• What to work on: Read through the material below and find each line that has the word "dots"; copy it.

★ ★ ★ ★

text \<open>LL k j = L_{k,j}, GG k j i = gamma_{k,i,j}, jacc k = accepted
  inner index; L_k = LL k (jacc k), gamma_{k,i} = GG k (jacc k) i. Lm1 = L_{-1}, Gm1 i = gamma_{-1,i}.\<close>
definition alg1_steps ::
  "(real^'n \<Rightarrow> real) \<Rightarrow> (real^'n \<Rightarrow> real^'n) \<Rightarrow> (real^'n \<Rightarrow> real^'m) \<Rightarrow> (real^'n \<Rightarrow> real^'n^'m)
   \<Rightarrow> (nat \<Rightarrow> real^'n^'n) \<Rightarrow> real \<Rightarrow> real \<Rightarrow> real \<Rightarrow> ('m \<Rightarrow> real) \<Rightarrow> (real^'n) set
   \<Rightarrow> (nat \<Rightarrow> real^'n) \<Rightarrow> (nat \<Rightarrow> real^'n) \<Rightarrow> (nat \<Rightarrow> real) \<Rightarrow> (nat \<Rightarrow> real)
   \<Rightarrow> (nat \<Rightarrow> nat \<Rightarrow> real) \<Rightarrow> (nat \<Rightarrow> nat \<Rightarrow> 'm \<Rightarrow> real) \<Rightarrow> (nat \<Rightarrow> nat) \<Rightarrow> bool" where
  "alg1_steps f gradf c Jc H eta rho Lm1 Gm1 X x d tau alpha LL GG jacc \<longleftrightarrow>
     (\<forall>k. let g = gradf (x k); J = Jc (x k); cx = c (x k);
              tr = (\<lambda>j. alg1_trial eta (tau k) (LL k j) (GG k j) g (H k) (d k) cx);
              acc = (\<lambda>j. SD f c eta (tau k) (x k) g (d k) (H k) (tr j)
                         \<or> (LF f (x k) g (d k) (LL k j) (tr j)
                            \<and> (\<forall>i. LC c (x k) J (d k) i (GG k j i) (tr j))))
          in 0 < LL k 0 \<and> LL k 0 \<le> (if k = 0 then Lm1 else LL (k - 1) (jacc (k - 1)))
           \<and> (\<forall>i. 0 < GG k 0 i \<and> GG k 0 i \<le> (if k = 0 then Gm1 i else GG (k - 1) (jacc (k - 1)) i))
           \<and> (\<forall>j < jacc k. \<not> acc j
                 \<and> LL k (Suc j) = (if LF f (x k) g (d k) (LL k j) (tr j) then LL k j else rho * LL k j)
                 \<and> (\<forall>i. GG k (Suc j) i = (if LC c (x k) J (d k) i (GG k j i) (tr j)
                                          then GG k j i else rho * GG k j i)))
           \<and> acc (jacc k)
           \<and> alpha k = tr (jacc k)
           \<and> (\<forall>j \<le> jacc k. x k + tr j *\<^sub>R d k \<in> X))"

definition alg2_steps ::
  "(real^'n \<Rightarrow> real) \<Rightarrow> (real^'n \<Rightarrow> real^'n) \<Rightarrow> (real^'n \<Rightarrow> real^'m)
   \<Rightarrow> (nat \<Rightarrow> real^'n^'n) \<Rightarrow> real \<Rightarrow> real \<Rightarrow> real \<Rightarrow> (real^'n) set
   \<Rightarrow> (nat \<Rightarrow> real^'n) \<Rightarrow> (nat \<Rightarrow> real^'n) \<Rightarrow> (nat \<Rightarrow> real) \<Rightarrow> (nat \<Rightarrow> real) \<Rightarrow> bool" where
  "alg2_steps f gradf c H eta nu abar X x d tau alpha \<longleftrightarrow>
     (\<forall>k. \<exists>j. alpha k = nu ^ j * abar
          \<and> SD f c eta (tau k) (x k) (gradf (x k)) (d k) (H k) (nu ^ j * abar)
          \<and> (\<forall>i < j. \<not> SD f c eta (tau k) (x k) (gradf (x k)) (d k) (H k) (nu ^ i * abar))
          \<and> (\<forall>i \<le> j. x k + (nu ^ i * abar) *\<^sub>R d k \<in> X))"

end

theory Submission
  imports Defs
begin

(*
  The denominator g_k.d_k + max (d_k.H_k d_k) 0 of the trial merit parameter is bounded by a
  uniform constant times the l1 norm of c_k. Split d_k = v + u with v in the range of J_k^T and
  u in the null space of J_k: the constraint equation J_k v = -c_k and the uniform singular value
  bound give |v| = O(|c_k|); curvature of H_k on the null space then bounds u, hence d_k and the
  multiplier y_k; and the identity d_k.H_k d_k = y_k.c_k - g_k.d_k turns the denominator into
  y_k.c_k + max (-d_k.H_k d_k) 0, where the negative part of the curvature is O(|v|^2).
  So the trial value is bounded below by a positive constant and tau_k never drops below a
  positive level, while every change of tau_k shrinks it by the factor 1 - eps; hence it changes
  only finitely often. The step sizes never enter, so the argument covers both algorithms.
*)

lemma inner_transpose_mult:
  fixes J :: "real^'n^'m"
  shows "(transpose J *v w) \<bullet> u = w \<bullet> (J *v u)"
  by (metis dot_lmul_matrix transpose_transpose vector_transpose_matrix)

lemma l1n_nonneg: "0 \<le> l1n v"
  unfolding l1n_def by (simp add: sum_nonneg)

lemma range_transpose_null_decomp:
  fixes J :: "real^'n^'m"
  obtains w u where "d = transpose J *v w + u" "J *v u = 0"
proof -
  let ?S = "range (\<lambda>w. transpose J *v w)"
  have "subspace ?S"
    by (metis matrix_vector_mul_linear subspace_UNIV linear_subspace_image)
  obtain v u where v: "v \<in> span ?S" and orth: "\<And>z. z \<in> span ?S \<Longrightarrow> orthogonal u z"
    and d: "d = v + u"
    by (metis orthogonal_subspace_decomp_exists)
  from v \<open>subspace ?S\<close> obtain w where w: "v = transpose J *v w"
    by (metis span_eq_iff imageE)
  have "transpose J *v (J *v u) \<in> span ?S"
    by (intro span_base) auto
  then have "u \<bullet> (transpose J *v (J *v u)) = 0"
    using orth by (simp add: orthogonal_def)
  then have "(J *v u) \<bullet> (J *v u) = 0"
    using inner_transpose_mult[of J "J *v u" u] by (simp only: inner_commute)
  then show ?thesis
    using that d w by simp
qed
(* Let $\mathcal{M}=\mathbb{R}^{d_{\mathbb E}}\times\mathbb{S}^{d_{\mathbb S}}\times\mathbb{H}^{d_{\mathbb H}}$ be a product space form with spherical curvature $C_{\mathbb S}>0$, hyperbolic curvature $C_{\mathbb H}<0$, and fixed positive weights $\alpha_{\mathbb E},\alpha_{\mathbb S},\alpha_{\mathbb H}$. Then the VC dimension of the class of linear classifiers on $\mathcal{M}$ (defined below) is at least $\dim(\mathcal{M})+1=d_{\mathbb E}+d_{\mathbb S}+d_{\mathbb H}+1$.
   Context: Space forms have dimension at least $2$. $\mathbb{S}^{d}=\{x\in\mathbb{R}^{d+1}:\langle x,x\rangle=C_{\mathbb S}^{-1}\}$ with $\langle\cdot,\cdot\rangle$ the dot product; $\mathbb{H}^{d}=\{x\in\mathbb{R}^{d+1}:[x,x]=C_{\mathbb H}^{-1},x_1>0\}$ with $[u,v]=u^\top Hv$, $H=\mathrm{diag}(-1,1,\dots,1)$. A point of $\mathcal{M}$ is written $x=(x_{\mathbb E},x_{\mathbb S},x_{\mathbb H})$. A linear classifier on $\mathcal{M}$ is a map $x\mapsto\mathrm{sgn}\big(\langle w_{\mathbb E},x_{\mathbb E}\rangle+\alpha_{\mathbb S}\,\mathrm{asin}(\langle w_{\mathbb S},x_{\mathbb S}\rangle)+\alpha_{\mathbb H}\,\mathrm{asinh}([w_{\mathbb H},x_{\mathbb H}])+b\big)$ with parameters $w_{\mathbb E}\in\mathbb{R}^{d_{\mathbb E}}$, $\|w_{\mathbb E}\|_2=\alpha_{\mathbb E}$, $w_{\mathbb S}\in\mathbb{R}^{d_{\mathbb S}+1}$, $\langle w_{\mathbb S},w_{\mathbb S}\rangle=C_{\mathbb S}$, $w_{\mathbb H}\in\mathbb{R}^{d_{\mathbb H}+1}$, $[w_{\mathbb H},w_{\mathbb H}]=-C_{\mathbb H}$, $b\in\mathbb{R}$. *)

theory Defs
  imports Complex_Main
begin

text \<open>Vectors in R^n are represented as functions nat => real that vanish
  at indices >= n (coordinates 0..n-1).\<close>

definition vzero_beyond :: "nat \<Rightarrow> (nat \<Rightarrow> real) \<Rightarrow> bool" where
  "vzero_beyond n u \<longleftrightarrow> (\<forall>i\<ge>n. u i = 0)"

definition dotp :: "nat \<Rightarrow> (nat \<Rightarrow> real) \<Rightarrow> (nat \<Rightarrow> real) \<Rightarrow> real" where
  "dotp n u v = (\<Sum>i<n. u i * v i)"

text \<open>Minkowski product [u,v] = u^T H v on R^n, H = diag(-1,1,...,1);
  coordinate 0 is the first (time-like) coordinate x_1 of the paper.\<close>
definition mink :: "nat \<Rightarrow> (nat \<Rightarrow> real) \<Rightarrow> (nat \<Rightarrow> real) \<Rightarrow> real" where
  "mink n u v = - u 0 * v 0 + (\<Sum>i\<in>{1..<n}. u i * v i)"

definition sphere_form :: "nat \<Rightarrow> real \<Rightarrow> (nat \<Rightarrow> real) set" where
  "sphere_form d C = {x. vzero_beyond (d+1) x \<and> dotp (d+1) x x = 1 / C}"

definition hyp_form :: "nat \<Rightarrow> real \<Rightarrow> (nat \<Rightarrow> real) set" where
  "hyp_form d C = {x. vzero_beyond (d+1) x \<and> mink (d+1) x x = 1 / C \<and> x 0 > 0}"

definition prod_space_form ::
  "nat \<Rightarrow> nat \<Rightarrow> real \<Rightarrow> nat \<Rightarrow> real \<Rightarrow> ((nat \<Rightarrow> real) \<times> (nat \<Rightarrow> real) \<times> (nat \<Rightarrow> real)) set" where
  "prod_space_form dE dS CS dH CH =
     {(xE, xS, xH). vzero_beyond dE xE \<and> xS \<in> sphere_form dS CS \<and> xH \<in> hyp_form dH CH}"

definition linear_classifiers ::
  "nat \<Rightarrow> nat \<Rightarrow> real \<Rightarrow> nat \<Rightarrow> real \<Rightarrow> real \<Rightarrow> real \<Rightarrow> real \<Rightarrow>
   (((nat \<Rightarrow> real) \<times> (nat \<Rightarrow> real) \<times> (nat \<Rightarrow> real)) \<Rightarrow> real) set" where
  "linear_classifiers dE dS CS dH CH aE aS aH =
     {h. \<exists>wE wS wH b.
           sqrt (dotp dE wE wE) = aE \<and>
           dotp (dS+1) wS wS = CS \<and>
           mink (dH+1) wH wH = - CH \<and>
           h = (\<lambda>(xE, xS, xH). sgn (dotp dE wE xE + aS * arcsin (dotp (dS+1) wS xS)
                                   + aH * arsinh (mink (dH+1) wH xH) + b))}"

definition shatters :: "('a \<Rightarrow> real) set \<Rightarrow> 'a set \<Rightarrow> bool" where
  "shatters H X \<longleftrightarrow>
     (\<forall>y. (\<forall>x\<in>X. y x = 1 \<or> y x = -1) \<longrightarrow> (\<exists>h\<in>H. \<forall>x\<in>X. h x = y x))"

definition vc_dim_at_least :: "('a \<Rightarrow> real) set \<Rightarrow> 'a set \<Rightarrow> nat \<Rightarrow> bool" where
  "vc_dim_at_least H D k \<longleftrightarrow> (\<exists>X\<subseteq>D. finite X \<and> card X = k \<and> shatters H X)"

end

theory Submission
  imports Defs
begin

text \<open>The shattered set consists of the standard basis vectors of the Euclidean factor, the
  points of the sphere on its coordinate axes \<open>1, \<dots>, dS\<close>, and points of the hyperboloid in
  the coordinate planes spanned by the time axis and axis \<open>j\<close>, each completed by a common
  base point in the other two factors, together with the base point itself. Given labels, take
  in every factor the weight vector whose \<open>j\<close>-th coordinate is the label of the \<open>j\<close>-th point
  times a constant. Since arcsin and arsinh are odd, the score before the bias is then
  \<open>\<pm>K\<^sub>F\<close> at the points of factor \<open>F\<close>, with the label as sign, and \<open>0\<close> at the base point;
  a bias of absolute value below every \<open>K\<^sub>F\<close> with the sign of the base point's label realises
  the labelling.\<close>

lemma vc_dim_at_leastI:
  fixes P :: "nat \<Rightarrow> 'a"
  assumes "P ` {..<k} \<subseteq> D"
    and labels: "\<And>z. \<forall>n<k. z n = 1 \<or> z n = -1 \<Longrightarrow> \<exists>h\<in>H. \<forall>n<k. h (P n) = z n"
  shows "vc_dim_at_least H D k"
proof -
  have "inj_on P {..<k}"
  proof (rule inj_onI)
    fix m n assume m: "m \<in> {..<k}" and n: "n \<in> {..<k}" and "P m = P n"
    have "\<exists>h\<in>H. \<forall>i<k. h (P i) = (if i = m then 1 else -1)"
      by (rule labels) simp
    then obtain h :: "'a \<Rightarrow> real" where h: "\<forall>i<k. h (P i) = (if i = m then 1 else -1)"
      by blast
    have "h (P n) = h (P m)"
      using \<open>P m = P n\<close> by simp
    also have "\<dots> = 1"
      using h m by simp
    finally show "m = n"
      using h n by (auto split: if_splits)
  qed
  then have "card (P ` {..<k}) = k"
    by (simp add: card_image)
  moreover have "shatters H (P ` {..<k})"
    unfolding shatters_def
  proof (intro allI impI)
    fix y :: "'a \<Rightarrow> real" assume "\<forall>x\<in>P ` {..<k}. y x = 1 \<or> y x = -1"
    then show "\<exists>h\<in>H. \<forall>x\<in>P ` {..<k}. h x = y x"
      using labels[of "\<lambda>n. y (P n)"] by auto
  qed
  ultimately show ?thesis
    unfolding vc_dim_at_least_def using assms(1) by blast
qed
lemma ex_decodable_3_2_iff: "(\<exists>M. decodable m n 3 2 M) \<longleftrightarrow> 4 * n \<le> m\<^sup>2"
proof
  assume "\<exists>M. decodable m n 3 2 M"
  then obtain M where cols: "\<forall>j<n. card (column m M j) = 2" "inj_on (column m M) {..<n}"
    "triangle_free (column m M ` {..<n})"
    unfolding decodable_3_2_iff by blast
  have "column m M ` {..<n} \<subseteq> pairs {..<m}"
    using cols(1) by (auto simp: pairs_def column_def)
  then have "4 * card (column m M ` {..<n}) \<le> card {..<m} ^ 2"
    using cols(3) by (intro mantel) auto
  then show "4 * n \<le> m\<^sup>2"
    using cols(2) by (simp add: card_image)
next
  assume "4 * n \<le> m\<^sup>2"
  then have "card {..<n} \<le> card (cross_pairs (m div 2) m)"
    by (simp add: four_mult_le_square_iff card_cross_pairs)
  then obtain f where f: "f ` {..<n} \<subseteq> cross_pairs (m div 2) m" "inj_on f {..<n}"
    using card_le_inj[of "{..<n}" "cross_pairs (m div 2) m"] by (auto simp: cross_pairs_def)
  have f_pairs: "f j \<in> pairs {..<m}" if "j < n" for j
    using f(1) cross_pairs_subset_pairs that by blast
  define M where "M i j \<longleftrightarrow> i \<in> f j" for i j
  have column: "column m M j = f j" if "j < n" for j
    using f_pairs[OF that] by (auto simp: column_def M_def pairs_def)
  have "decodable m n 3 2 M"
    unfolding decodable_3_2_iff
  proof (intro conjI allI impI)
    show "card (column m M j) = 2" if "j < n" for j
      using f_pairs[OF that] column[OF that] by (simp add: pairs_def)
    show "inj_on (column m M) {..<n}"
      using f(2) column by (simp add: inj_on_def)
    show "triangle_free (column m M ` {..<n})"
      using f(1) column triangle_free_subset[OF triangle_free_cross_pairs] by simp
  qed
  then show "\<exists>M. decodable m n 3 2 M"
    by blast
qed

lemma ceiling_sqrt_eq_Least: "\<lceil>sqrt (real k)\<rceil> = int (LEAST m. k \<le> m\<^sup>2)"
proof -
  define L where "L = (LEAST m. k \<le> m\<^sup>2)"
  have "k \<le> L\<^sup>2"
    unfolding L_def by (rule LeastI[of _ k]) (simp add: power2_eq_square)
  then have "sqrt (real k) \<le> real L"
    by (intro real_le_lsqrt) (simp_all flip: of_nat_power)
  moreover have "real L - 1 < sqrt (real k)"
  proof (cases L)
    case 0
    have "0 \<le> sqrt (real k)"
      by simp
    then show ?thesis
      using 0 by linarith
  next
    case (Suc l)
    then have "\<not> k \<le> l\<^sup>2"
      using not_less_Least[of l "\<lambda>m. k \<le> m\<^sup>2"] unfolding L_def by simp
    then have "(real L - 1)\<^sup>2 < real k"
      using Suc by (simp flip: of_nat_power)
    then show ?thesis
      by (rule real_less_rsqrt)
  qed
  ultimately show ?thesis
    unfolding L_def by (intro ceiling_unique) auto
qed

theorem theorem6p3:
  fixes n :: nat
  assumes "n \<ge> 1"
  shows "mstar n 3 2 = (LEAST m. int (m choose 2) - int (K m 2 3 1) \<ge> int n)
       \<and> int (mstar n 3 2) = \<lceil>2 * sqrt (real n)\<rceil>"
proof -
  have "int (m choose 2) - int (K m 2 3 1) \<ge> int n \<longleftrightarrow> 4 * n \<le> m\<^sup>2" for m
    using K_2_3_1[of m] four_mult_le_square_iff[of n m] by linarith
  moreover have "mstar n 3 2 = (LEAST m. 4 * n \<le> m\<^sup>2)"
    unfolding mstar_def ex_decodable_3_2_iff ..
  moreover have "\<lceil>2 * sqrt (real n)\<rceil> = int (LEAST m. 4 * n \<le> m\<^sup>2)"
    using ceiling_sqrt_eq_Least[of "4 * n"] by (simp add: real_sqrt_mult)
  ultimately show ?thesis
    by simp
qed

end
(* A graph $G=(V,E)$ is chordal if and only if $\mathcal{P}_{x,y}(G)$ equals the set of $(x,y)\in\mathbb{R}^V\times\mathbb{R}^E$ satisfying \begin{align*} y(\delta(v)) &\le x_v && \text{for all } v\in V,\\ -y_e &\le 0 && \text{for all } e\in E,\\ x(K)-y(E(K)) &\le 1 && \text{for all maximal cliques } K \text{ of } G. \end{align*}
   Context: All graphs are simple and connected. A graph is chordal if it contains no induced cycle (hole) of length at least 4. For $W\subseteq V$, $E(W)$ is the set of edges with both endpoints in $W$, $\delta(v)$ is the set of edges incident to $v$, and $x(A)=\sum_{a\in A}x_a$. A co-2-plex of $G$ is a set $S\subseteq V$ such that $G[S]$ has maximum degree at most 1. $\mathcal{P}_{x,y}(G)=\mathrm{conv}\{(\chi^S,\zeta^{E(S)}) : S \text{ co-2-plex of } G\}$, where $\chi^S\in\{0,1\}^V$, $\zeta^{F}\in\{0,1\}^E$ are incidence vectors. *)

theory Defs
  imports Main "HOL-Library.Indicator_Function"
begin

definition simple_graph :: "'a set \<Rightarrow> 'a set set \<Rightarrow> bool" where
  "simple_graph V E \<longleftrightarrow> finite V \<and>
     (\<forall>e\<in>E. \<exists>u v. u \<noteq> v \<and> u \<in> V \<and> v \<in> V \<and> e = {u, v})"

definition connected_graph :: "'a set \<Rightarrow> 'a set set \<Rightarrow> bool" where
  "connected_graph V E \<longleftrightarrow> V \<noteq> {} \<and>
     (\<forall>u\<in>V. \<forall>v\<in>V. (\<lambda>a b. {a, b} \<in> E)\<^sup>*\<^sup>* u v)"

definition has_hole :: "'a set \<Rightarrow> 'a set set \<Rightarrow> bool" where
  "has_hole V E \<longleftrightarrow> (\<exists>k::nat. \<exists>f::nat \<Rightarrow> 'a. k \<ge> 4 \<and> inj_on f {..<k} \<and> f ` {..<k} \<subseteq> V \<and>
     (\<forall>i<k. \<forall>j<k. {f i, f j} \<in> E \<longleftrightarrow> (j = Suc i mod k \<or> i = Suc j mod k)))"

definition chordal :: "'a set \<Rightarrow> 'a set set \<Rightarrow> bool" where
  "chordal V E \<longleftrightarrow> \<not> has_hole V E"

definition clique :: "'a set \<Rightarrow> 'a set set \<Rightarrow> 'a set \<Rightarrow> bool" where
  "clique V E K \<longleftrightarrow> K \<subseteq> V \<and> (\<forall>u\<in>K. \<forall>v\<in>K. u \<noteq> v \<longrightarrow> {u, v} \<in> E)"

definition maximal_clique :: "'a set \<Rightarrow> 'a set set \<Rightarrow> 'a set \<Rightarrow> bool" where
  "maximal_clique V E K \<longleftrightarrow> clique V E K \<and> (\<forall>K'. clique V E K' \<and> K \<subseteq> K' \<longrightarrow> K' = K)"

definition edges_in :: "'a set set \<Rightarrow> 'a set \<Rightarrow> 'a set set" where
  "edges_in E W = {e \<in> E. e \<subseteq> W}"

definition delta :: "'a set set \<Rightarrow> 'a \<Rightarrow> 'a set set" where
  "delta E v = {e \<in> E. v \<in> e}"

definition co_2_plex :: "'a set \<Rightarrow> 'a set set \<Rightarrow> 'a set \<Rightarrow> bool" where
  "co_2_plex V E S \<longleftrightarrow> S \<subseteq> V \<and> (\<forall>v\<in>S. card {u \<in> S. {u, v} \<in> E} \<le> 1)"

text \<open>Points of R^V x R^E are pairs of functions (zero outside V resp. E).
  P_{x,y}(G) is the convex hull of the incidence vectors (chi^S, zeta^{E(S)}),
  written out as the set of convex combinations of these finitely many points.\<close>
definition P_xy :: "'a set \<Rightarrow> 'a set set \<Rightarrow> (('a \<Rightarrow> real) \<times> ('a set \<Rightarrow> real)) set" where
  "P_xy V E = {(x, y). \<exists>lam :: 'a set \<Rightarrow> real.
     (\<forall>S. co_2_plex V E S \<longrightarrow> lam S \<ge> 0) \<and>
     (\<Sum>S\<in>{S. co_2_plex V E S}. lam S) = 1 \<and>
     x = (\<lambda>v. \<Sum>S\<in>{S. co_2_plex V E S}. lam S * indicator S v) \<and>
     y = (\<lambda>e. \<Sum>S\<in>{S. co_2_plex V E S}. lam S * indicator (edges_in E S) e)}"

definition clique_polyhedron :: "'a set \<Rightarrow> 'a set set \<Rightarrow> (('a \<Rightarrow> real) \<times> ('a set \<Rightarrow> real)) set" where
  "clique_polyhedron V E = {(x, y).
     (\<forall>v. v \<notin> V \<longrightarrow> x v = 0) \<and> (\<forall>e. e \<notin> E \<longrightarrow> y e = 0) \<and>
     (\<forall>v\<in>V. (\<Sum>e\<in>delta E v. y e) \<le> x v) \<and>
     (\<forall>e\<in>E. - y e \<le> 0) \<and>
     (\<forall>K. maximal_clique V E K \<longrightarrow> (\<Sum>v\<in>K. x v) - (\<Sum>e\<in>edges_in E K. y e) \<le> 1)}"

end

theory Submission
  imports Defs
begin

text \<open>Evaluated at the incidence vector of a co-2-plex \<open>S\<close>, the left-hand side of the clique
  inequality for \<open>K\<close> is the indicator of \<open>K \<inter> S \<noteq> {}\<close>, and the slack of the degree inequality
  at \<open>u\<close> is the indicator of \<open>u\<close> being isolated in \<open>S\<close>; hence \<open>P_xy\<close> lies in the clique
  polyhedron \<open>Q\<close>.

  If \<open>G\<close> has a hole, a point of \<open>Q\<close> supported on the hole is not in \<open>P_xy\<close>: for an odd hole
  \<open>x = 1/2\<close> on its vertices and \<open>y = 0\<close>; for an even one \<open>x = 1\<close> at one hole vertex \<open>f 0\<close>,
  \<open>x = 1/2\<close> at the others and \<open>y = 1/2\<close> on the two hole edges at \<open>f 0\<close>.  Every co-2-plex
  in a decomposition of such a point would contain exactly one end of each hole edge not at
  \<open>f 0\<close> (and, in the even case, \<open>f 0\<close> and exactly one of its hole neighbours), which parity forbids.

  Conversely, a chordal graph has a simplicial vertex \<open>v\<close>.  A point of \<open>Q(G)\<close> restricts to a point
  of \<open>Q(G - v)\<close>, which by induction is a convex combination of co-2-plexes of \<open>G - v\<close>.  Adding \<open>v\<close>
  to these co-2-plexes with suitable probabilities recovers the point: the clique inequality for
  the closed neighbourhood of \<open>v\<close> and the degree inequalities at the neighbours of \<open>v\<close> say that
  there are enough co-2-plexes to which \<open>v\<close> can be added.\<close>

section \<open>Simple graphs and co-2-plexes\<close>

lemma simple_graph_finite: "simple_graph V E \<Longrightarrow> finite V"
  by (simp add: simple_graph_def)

★ ★ ★ ★

• Your solution:
   Context: Space forms have dimension at least $2$. $\mathbb{S}^{d}=\{x\in\mathbb{R}^{d+1}:\langle x,x\rangle=C_{\mathbb S}^{-1}\}$ with $\langle\cdot,\cdot\rangle$ the dot product; $\mathbb{H}^{d}=\{x\in\mathbb{R}^{d+1}:[x,x]=C_{\mathbb H}^{-1},x_1>0\}$ with $[u,v]=u^\top Hv$, $H=\mathrm{diag}(-1,1,\dots,1)$. A point of $\mathcal{M}$ is written $x=(x_{\mathbb E},x_{\mathbb S},x_{\mathbb H})$. A linear classifier on $\mathcal{M}$ is a map $x\mapsto\mathrm{sgn}\big(\langle w_{\mathbb E},x_{\mathbb E}\rangle+\alpha_{\mathbb S}\,\mathrm{asin}(\langle w_{\mathbb S},x_{\mathbb S}\rangle)+\alpha_{\mathbb H}\,\mathrm{asinh}([w_{\mathbb H},x_{\mathbb H}])+b\big)$ with parameters $w_{\mathbb E}\in\mathbb{R}^{d_{\mathbb E}}$, $\|w_{\mathbb E}\|_2=\alpha_{\mathbb E}$, $w_{\mathbb S}\in\mathbb{R}^{d_{\mathbb S}+1}$, $\langle w_{\mathbb S},w_{\mathbb S}\rangle=C_{\mathbb S}$, $w_{\mathbb H}\in\mathbb{R}^{d_{\mathbb H}+1}$, $[w_{\mathbb H},w_{\mathbb H}]=-C_{\mathbb H}$, $b\in\mathbb{R}$. *)
  points of the sphere on its coordinate axes \<open>1, \<dots>, dS\<close>, and points of the hyperboloid in
    also have "\<dots> = 1"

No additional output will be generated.